• RECORDS SUPPLIED:
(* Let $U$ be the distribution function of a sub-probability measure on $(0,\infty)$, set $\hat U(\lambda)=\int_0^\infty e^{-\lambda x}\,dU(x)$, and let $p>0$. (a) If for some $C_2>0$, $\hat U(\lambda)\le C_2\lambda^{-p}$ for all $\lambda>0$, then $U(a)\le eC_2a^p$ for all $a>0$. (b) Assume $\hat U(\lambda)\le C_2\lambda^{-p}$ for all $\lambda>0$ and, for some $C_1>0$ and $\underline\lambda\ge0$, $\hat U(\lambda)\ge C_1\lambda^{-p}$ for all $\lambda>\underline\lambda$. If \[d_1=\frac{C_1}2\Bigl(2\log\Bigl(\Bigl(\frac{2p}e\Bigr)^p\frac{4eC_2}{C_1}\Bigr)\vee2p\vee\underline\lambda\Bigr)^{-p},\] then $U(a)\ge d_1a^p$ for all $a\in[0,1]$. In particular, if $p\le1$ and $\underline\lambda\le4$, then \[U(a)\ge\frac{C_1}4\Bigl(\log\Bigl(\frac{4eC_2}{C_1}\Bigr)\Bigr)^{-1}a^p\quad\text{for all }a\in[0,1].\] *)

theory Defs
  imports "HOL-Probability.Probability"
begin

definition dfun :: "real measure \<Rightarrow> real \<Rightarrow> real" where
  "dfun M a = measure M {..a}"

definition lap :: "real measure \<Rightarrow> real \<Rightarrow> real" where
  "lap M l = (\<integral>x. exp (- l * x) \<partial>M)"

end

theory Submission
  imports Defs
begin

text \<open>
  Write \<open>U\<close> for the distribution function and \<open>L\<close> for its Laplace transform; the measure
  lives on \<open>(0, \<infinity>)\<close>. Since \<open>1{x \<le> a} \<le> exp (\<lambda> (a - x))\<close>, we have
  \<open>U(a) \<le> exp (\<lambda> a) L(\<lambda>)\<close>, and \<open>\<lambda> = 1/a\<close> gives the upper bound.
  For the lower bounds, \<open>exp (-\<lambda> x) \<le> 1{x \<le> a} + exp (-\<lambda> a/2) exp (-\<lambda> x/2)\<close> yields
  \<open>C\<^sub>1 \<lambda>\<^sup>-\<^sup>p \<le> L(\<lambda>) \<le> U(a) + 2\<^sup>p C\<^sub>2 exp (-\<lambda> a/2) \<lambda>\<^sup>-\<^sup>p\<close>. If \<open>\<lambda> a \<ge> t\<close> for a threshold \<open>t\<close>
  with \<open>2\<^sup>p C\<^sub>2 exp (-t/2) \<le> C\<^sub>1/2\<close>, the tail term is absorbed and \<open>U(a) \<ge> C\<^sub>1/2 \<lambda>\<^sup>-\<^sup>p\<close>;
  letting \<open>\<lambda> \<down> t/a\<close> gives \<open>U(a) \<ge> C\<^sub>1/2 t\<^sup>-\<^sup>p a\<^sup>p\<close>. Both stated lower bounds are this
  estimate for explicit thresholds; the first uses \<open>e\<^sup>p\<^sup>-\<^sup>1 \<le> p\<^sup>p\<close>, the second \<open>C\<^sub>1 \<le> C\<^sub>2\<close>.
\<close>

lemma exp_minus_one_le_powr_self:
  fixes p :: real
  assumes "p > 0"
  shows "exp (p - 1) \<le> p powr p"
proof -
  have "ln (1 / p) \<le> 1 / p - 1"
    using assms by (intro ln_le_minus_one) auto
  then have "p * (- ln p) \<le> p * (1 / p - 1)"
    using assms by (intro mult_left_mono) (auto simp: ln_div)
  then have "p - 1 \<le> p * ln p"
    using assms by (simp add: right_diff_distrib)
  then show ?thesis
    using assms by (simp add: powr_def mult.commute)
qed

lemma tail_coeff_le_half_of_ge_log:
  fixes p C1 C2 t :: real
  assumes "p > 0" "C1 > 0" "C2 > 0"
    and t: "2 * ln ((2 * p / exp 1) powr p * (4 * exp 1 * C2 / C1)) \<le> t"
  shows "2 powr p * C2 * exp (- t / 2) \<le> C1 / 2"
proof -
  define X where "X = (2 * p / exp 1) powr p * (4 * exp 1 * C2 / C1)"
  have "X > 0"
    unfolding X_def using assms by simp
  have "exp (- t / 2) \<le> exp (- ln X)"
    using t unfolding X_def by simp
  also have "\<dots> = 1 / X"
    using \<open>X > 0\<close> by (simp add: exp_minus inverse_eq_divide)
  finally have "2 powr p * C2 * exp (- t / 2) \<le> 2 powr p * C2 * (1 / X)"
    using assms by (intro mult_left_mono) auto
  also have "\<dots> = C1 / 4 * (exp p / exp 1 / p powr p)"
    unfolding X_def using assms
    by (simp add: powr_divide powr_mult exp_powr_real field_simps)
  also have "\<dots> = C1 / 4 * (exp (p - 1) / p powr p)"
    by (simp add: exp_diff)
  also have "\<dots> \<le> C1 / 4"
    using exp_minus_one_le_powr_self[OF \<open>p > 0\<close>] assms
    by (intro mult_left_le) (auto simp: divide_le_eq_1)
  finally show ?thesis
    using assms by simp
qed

• TASK:
Referring to the material above, set down exactly the lines between the line with "text \<open>" and the line with "ln p) \<le>", inclusive, and no other lines.

• WRITTEN SOLUTION:
text \<open>
  Write \<open>U\<close> for the distribution function and \<open>L\<close> for its Laplace transform; the measure
  lives on \<open>(0, \<infinity>)\<close>. Since \<open>1{x \<le> a} \<le> exp (\<lambda> (a - x))\<close>, we have
  \<open>U(a) \<le> exp (\<lambda> a) L(\<lambda>)\<close>, and \<open>\<lambda> = 1/a\<close> gives the upper bound.
  For the lower bounds, \<open>exp (-\<lambda> x) \<le> 1{x \<le> a} + exp (-\<lambda> a/2) exp (-\<lambda> x/2)\<close> yields
  \<open>C\<^sub>1 \<lambda>\<^sup>-\<^sup>p \<le> L(\<lambda>) \<le> U(a) + 2\<^sup>p C\<^sub>2 exp (-\<lambda> a/2) \<lambda>\<^sup>-\<^sup>p\<close>. If \<open>\<lambda> a \<ge> t\<close> for a threshold \<open>t\<close>
  with \<open>2\<^sup>p C\<^sub>2 exp (-t/2) \<le> C\<^sub>1/2\<close>, the tail term is absorbed and \<open>U(a) \<ge> C\<^sub>1/2 \<lambda>\<^sup>-\<^sup>p\<close>;
  letting \<open>\<lambda> \<down> t/a\<close> gives \<open>U(a) \<ge> C\<^sub>1/2 t\<^sup>-\<^sup>p a\<^sup>p\<close>. Both stated lower bounds are this
  estimate for explicit thresholds; the first uses \<open>e\<^sup>p\<^sup>-\<^sup>1 \<le> p\<^sup>p\<close>, the second \<open>C\<^sub>1 \<le> C\<^sub>2\<close>.
\<close>

lemma exp_minus_one_le_powr_self:
  fixes p :: real
  assumes "p > 0"
  shows "exp (p - 1) \<le> p powr p"
proof -
  have "ln (1 / p) \<le> 1 / p - 1"
    using assms by (intro ln_le_minus_one) auto
  then have "p * (- ln p) \<le> p * (1 / p - 1)"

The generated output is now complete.